◆ Required work: Copy the records below word for word, leaving out nothing.

Items from a dataset:
------------------------

definition general_position :: "point set \<Rightarrow> bool" where
  "general_position P \<longleftrightarrow>
     (\<forall>a\<in>P. \<forall>b\<in>P. \<forall>c\<in>P. a \<noteq> b \<and> a \<noteq> c \<and> b \<noteq> c \<longrightarrow> \<not> collinear {a, b, c}) \<and>
     (\<forall>a\<in>P. \<forall>b\<in>P. \<forall>c\<in>P. \<forall>d\<in>P. card {a, b, c, d} = 4 \<longrightarrow>
         \<not> (\<exists>z r. {a, b, c, d} \<subseteq> sphere z r))"

definition delaunay_triangles :: "point set \<Rightarrow> point set set" where
  "delaunay_triangles S =
     {\<sigma>. \<sigma> \<subseteq> S \<and> card \<sigma> = 3 \<and> \<not> collinear \<sigma> \<and>
          (\<exists>z r. \<sigma> \<subseteq> sphere z r \<and> (\<forall>q\<in>S. r \<le> dist q z))}"

definition ell :: "point set \<Rightarrow> point set \<Rightarrow> nat" where
  "ell P \<sigma> = card {p \<in> P. p \<in> convex hull \<sigma>}"

text \<open>Work of stage k for insertion order ps (a list p_1, ..., p_n), 1 <= k <= n.\<close>
definition stage_work :: "point set \<Rightarrow> point list \<Rightarrow> nat \<Rightarrow> nat" where
  "stage_work P ps k =
     (\<Sum>\<sigma>\<in>{\<sigma> \<in> delaunay_triangles (set (take k ps)). ps ! (k - 1) \<in> \<sigma>}. ell P \<sigma>)"

definition expected_sq_work :: "point set \<Rightarrow> nat \<Rightarrow> real" where
  "expected_sq_work P k =
     (\<Sum>ps\<in>permutations_of_set P. real (stage_work P ps k) ^ 2) / real (card (permutations_of_set P))"

end

theory Submission
  imports Defs "HOL-Analysis.Harmonic_Numbers"
begin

------------------------

◆ Response to this exercise:
definition general_position :: "point set \<Rightarrow> bool" where
  "general_position P \<longleftrightarrow>
     (\<forall>a\<in>P. \<forall>b\<in>P. \<forall>c\<in>P. a \<noteq> b \<and> a \<noteq> c \<and> b \<noteq> c \<longrightarrow> \<not> collinear {a, b, c}) \<and>
     (\<forall>a\<in>P. \<forall>b\<in>P. \<forall>c\<in>P. \<forall>d\<in>P. card {a, b, c, d} = 4 \<longrightarrow>
         \<not> (\<exists>z r. {a, b, c, d} \<subseteq> sphere z r))"

definition delaunay_triangles :: "point set \<Rightarrow> point set set" where
  "delaunay_triangles S =
     {\<sigma>. \<sigma> \<subseteq> S \<and> card \<sigma> = 3 \<and> \<not> collinear \<sigma> \<and>
          (\<exists>z r. \<sigma> \<subseteq> sphere z r \<and> (\<forall>q\<in>S. r \<le> dist q z))}"

definition ell :: "point set \<Rightarrow> point set \<Rightarrow> nat" where
  "ell P \<sigma> = card {p \<in> P. p \<in> convex hull \<sigma>}"

text \<open>Work of stage k for insertion order ps (a list p_1, ..., p_n), 1 <= k <= n.\<close>
definition stage_work :: "point set \<Rightarrow> point list \<Rightarrow> nat \<Rightarrow> nat" where
  "stage_work P ps k =
     (\<Sum>\<sigma>\<in>{\<sigma> \<in> delaunay_triangles (set (take k ps)). ps ! (k - 1) \<in> \<sigma>}. ell P \<sigma>)"

definition expected_sq_work :: "point set \<Rightarrow> nat \<Rightarrow> real" where
  "expected_sq_work P k =
     (\<Sum>ps\<in>permutations_of_set P. real (stage_work P ps k) ^ 2) / real (card (permutations_of_set P))"

end

theory Submission
  imports Defs "HOL-Analysis.Harmonic_Numbers"
begin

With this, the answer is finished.